The Actuarial Department has then supplied the SC Medicaid CDPS risk score for pilot and quality check. Here were the procedures and findings:
-
There were significant portion of mismatch on members from both sources. There were 10305 lines in the file quality created (one member per line without duplicates after removing MMP), and 96317 lines in the file actuarial prepared (also one member per line with no duplicates). Only 78008 members were found in both files, with 25497 only in the file from quality, and 18309 only in the file from actuarial. Both files were supposed to capture 2017 data. Possible explanation of the discrepancy is the inclusion/exclusion criteria. While details were needed from quality, the actuarial mentioned that
a. Data pulled from Medinsight data
b. Snapshot of members enrolled as of 12/2017 taken
c. 2017 medical and Rx claims were pulled (from Medinsight) with a paidthru date of 1/31/2018
-
The distribution of the risk score (shown below) was extremely skewed with a wide range, even more than those observed in Medicare or Marketplace.
-
The quality provided the exact numbers on the elements of the utilization index. It turned out that the paid_ntile is a better indicator since it had a higher correlation coefficient with MARA and CDPS risk score than the utilization index.
-
The result of the normalization of the risk score was not ideal due to heavy concentration, and there was breakage on the distribution.

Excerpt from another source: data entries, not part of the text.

(* Fix $p\in(0,1)$. Suppose either (1) $\mathbb P(v\ge x)=L(x)x^{-a}$ for $x\ge0$, with $a>1$ and $L$ slowly varying (i.e. $\lim_{x\to\infty}L(tx)/L(x)=1$ for each $t>0$); or (2) $\mathbb P(v\ge x)=L(x)e^{-\delta x^\beta}$ for $x\ge0$, with $\beta\in(0,1/2)$, $\delta>0$ and $L$ slowly varying. Then $$\lim_{j\to\infty}\left|\frac{\mathbb P(\tilde v\ge j)}{\mathbb P(v\ge j/p)}-1\right|=0 .$$
   Context: Probabilistic model: $(B_n)_{n\ge1}$ is a sequence of i.i.d. Bernoulli random variables with parameter $p$, $v$ is a random variable with values in $\mathbb N$ independent of $(B_n)$, and $\tilde v=\sum_{\ell=1}^v B_\ell$. *)

theory Defs
  imports "HOL-Probability.Probability"
begin

definition slowly_varying :: "(real \<Rightarrow> real) \<Rightarrow> bool" where
  "slowly_varying L \<longleftrightarrow> (\<forall>t>0. ((\<lambda>x. L (t * x) / L x) \<longlongrightarrow> 1) at_top)"

definition thinned :: "(nat \<Rightarrow> 'a \<Rightarrow> nat) \<Rightarrow> ('a \<Rightarrow> nat) \<Rightarrow> 'a \<Rightarrow> nat" where
  "thinned B v \<omega> = (\<Sum>l\<in>{1..v \<omega>}. B l \<omega>)"

end

theory Submission
  imports Defs "HOL-Real_Asymp.Real_Asymp"
begin

(*
  Let v be independent of i.i.d. Bernoulli(p) trials
  B_1, B_2, ..., put S_m = B_1 + ... + B_m and write q x = P(v >= x), T j = P(S_v >= j).

  With x = j/p, Hoeffding's inequality for S_m and the independence of v from the trials give
    T j >= q (x + w) (1 - exp (-2 (p w)^2 / (x + w + 1)))                    and, splitting
  {v < x - h} into K windows of width h,
    T j <= q (x - h) + sum_i q (x - (i+1) h) exp (-2 (p i h)^2 / x) + exp (-2 (p (K+1) h)^2 / x).
  For regularly varying q one window of width theta x suffices.  For Weibull-like q the windows
  have width theta x^(1-beta), which is o(x) but large compared with sqrt x since beta < 1/2;
  on them L is controlled by the uniform convergence theorem for slowly varying functions.
*)

lemma measure_lborel_translate:
  fixes F :: "real set"
  assumes "F \<in> sets borel"
  shows "measure lborel {y. y - s \<in> F} = measure lborel F"
proof -
  have "measure lborel F = measure (distr lborel borel ((+) (- s))) F"
    by (simp add: lborel_distr_plus)
  also have "\<dots> = measure lborel ((+) (- s) -` F)"
    using assms by (subst measure_distr) auto
  finally show ?thesis by (simp add: vimage_def)
qed
section \<open>The trees T_nD\<close>

lemma graph_iso_of_edge_image:
  assumes F: "bij_betw F A V" and sub: "(\<lambda>e. F ` e) ` E' \<subseteq> E" and A: "\<forall>e\<in>E'. e \<subseteq> A"
    and fin: "finite E" and card: "card E' = card E"
  shows "graph_iso V E A E'"
proof -
  let ?f = "inv_into A F"
  have inj: "inj_on F A" using F by (rule bij_betw_imp_inj_on)
  have "inj_on (\<lambda>e. F ` e) E'"
    using inj_on_image_Pow[OF inj] by (rule inj_on_subset) (use A in blast)
  then have E: "E = (\<lambda>e. F ` e) ` E'"
    using card_subset_eq[OF fin sub] card by (simp add: card_image)
  have img: "F ` {?f u, ?f v} = {u, v}" if "u \<in> V" "v \<in> V" for u v
    using that bij_betw_inv_into_right[OF F] by simp
  have "{u, v} \<in> E \<longleftrightarrow> {?f u, ?f v} \<in> E'" if uv: "u \<in> V" "v \<in> V" for u v
  proof
    assume "{u, v} \<in> E"
    then obtain e where e: "e \<in> E'" "{u, v} = F ` e" using E by blast
    then have "e = ?f ` {u, v}" using inv_into_image_cancel[OF inj] A by simp
    with e(1) show "{?f u, ?f v} \<in> E'" by simp
  next
    assume "{?f u, ?f v} \<in> E'"
    then show "{u, v} \<in> E" using E img[OF uv] by (metis image_eqI)
  qed
  then show ?thesis
    unfolding graph_iso_def using bij_betw_inv_into[OF F] by blast
qed

lemma graph_iso_neighbours:
  assumes f: "bij_betw f V V'" and pres: "\<forall>u\<in>V. \<forall>v\<in>V. {u, v} \<in> E \<longleftrightarrow> {f u, f v} \<in> E'"
    and v: "v \<in> V"
  shows "f ` neighbours V E v = neighbours V' E' (f v)"
proof
  show "f ` neighbours V E v \<subseteq> neighbours V' E' (f v)"
    using f pres v unfolding neighbours_def bij_betw_def by auto
  show "neighbours V' E' (f v) \<subseteq> f ` neighbours V E v"
  proof
    fix w assume w: "w \<in> neighbours V' E' (f v)"
    then obtain u where "u \<in> V" "w = f u" using f unfolding neighbours_def bij_betw_def by auto
    with w pres v show "w \<in> f ` neighbours V E v" unfolding neighbours_def by auto
  qed
qed

lemma graph_iso_degree:
  assumes s: "simple_graph V E" and s': "simple_graph V' E'"
    and f: "bij_betw f V V'" and pres: "\<forall>u\<in>V. \<forall>v\<in>V. {u, v} \<in> E \<longleftrightarrow> {f u, f v} \<in> E'"
    and v: "v \<in> V"
  shows "degree E v = degree E' (f v)"
proof -
  have "inj_on f (neighbours V E v)"
    using bij_betw_imp_inj_on[OF f] neighbours_subset[OF s] inj_on_subset by blast
  then show ?thesis
    using graph_iso_neighbours[OF f pres v] card_image
    by (metis degree_eq_card_neighbours[OF s] degree_eq_card_neighbours[OF s'])
qed
(* Assume $a=a(\epsilon)\geq0$ is bounded and let $u_{\epsilon,a}$ be solutions of $\epsilon^2\Delta u+\mu u-|u|^2u+\epsilon af=0$ on $\mathbb{R}^2$ which are uniformly bounded. Then for every $\rho_1>\rho$, the maps $\frac{u_{\epsilon,a}}{\epsilon}$ and $\nabla u_{\epsilon,a}$ are uniformly bounded (for all sufficiently small $\epsilon$) on the set $\{x:|x|\geq\rho_1\}$.
   Context: $\mu\in C^\infty(\mathbb{R}^2,\mathbb{R})$ is radial, $\mu(x)=\mu_{\mathrm{rad}}(|x|)$, $\mu_{\mathrm{rad}}$ smooth with an even extension, $\mu\in L^\infty$, $\mu_{\mathrm{rad}}'<0$ on $(0,\infty)$, $\mu_{\mathrm{rad}}(\rho)=0$ for a unique $\rho>0$. $f\in C^\infty(\mathbb{R}^2,\mathbb{R}^2)$, $f(x)=f_{\mathrm{rad}}(|x|)\frac{x}{|x|}$, $f_{\mathrm{rad}}$ smooth with an odd extension, $f\in L^1\cap L^\infty$, $f_{\mathrm{rad}}>0$ on $(0,\infty)$. *)

theory Defs
  imports "HOL-Analysis.Analysis"
begin

definition smooth_real :: "(real \<Rightarrow> real) \<Rightarrow> bool" where
  "smooth_real g \<longleftrightarrow> (\<forall>n x. ((deriv ^^ n) g) differentiable (at x))"

definition C2_plane :: "(real^2 \<Rightarrow> real^2) \<Rightarrow> bool" where
  "C2_plane u \<longleftrightarrow> (\<exists>Du D2u.
     (\<forall>x. (u has_derivative blinfun_apply (Du x)) (at x)) \<and>
     (\<forall>x. (Du has_derivative blinfun_apply (D2u x)) (at x)) \<and>
     continuous_on UNIV D2u)"

definition laplacian :: "(real^2 \<Rightarrow> real^2) \<Rightarrow> real^2 \<Rightarrow> real^2" where
  "laplacian u x = (\<Sum>i\<in>UNIV.
     vector_derivative (\<lambda>t. vector_derivative (\<lambda>s. u (x + s *\<^sub>R axis i 1)) (at t)) (at 0))"

end

theory Submission
  imports Defs
begin

text \<open>Beyond the circle of radius \<rho> the potential \<mu> is negative, so every component w of u
  satisfies a screened equation \<epsilon>^2 \<Delta>w = c w - \<epsilon> a f_j with c = |u|^2 - \<mu> \<ge> m > 0.
  Comparing w on a square of half-side r with the barrier
  E/m + M \<Sum>_k cosh (\<kappa> (y_k - x_k)) / cosh (\<kappa> r), \<kappa> = sqrt m / \<epsilon>, through the maximum
  principle gives |w(x)| = O(\<epsilon>), the cosh term being exponentially small in 1/\<epsilon>.
  The equation then gives \<Delta>u = O(1/\<epsilon>), and an interior estimate on squares of side 2\<epsilon>,
  obtained by dominating the odd part of w under a coordinate reflection by a quadratic barrier,
  bounds the derivative of u by O(sup |u| / \<epsilon> + \<epsilon> sup |\<Delta>u|) = O(1).\<close>

section \<open>Directional derivatives along lines\<close>

text \<open>The maximum principle only needs second derivatives along lines, so we work with this
  notion rather than with Frechet derivatives.\<close>

definition twice_directionally_differentiable ::
  "('a::real_normed_vector \<Rightarrow> real) \<Rightarrow> ('a \<Rightarrow> 'a \<Rightarrow> real) \<Rightarrow> ('a \<Rightarrow> 'a \<Rightarrow> real) \<Rightarrow> bool" where
  "twice_directionally_differentiable w Dw D2w \<longleftrightarrow>
     (\<forall>x v. ((\<lambda>t. w (x + t *\<^sub>R v)) has_real_derivative Dw x v) (at 0)) \<and>
     (\<forall>x v. ((\<lambda>t. Dw (x + t *\<^sub>R v) v) has_real_derivative D2w x v) (at 0))"

lemma DERIV_along_line_shift:
  fixes v :: "'a::real_normed_vector"
  assumes "((\<lambda>s. g (x + t *\<^sub>R v + s *\<^sub>R v)) has_real_derivative D) (at 0)"
  shows "((\<lambda>s. g (x + s *\<^sub>R v)) has_real_derivative D) (at t)"
proof -
  have "(\<lambda>s. g (x + (s + t) *\<^sub>R v)) = (\<lambda>s. g (x + t *\<^sub>R v + s *\<^sub>R v))"
    by (simp add: scaleR_add_left add_ac)
  with assms have "((\<lambda>s. g (x + (s + t) *\<^sub>R v)) has_real_derivative D) (at 0)"
    by simp
  then show ?thesis
    using DERIV_shift[of "\<lambda>s. g (x + s *\<^sub>R v)" D 0 t] by simp
qed

lemma twice_directionally_differentiableD:
  fixes v :: "'a::real_normed_vector"
  assumes "twice_directionally_differentiable w Dw D2w"
  shows "((\<lambda>t. w (x + t *\<^sub>R v)) has_real_derivative Dw (x + t *\<^sub>R v) v) (at t)"
    and "((\<lambda>t. Dw (x + t *\<^sub>R v) v) has_real_derivative D2w (x + t *\<^sub>R v) v) (at t)"
proof -
  have "((\<lambda>s. w (x + t *\<^sub>R v + s *\<^sub>R v)) has_real_derivative Dw (x + t *\<^sub>R v) v) (at 0)"
    and "((\<lambda>s. Dw (x + t *\<^sub>R v + s *\<^sub>R v) v) has_real_derivative D2w (x + t *\<^sub>R v) v) (at 0)"
    using assms by (simp_all add: twice_directionally_differentiable_def)
  then show "((\<lambda>t. w (x + t *\<^sub>R v)) has_real_derivative Dw (x + t *\<^sub>R v) v) (at t)"
    and "((\<lambda>t. Dw (x + t *\<^sub>R v) v) has_real_derivative D2w (x + t *\<^sub>R v) v) (at t)"
    by (auto intro: DERIV_along_line_shift)
qed

lemma twice_directionally_differentiable_const:
  "twice_directionally_differentiable (\<lambda>x. c) (\<lambda>x v. 0) (\<lambda>x v. 0)"
  by (simp add: twice_directionally_differentiable_def)

lemma twice_directionally_differentiable_add:
  assumes "twice_directionally_differentiable f Df D2f"
    and "twice_directionally_differentiable g Dg D2g"
  shows "twice_directionally_differentiable (\<lambda>x. f x + g x) (\<lambda>x v. Df x v + Dg x v)
    (\<lambda>x v. D2f x v + D2g x v)"
  using assms by (simp add: twice_directionally_differentiable_def DERIV_add)

lemma twice_directionally_differentiable_cmult:
  assumes "twice_directionally_differentiable f Df D2f"
  shows "twice_directionally_differentiable (\<lambda>x. c * f x) (\<lambda>x v. c * Df x v) (\<lambda>x v. c * D2f x v)"
  using assms by (simp add: twice_directionally_differentiable_def DERIV_cmult)

lemma twice_directionally_differentiable_sum:
  assumes "finite I" and "\<And>i. i \<in> I \<Longrightarrow> twice_directionally_differentiable (f i) (Df i) (D2f i)"
  shows "twice_directionally_differentiable (\<lambda>x. \<Sum>i\<in>I. f i x) (\<lambda>x v. \<Sum>i\<in>I. Df i x v)
    (\<lambda>x v. \<Sum>i\<in>I. D2f i x v)"
  using assms
proof (induction I rule: finite_induct)
  case empty
  show ?case using twice_directionally_differentiable_const[of 0] by simp
next
  case (insert i I)
  then show ?case
    using twice_directionally_differentiable_add[of "f i" "Df i" "D2f i"] by simp
qed

lemma twice_directionally_differentiable_minus:
  "twice_directionally_differentiable w Dw D2w \<Longrightarrow>
   twice_directionally_differentiable (\<lambda>x. - w x) (\<lambda>x v. - Dw x v) (\<lambda>x v. - D2w x v)"
  unfolding twice_directionally_differentiable_def by (auto intro!: DERIV_minus)

lemma twice_directionally_differentiable_compose_affine:
  assumes "twice_directionally_differentiable f Df D2f" and "linear L"
  shows "twice_directionally_differentiable (\<lambda>x. f (a + L x)) (\<lambda>x v. Df (a + L x) (L v))
    (\<lambda>x v. D2f (a + L x) (L v))"
proof -
  have affine: "a + L (x + t *\<^sub>R v) = (a + L x) + t *\<^sub>R L v" for x v t
    using assms(2) by (simp add: linear_add linear_scale add.assoc)
  have "((\<lambda>t. f ((a + L x) + t *\<^sub>R L v)) has_real_derivative Df (a + L x) (L v)) (at 0)"
    and "((\<lambda>t. Df ((a + L x) + t *\<^sub>R L v) (L v)) has_real_derivative D2f (a + L x) (L v)) (at 0)"
    for x v
    using assms(1) by (simp_all add: twice_directionally_differentiable_def)
  then show ?thesis
    unfolding twice_directionally_differentiable_def by (simp only: affine) simp
qed

lemma twice_directionally_differentiable_coordinate:
  fixes k :: "'n::finite"
  assumes "\<And>s. (g has_real_derivative g' s) (at s)" and "\<And>s. (g' has_real_derivative g'' s) (at s)"
  shows "twice_directionally_differentiable (\<lambda>y::real^'n. g (y $ k)) (\<lambda>y v. g' (y $ k) * v $ k)
    (\<lambda>y v. g'' (y $ k) * (v $ k)\<^sup>2)"
proof -
  have line: "((\<lambda>t. (x + t *\<^sub>R v) $ k) has_real_derivative v $ k) (at 0)" for x v :: "real^'n"
    by (auto intro!: derivative_eq_intros)
  have "((\<lambda>t. g ((x + t *\<^sub>R v) $ k)) has_real_derivative g' (x $ k) * v $ k) (at 0)" for x v
    using DERIV_chain2[OF assms(1) line, of x v] by simp
  moreover have "((\<lambda>t. g' ((x + t *\<^sub>R v) $ k) * v $ k) has_real_derivative g'' (x $ k) * (v $ k)\<^sup>2) (at 0)"
    for x v
    using DERIV_cmult_right[OF DERIV_chain2[OF assms(2) line, of x v], of "v $ k"]
    by (simp add: power2_eq_square mult.assoc)
  ultimately show ?thesis
    by (simp add: twice_directionally_differentiable_def)
qed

The percentile breaks were not unique.
-
The correlation between the prediction from linear regression or random forests and risk score or normalized risk score was no higher than 67%.
-
If the model developed from Marketplace and Medicare was applied to Medicaid population, the accuracy was ~ 40%.
Some thoughts at this point:
-
Some quality check is needed on both quality and actuarial sides to figure out the member mismatch issue. Some validation on the methodology of actuarial would be good.
-
There are substantial differences in the three populations (Medicaid, Medicare, and Marketplace) in terms of population risk and risk composition. Models should be population specific.
-
If there is indeed some portions missing/blanks of the risk scores, statistical methods can be used to calculate imputed risk scores based on the rest of the same population.
-
It was mentioned that the government risk scores may not be great for risk assessment. A better measurement is needed, but a lack of “gold standard”, or objective outcome is the blocker here.
-
If we decide that the CMS/HHS risk scores are not “gold standard” for risk assessment, and we only want to use them as a component of a new risk assessment metric along with other factors like age, gender, MARA, and utilization. This may become an unsupervised machine learning problem.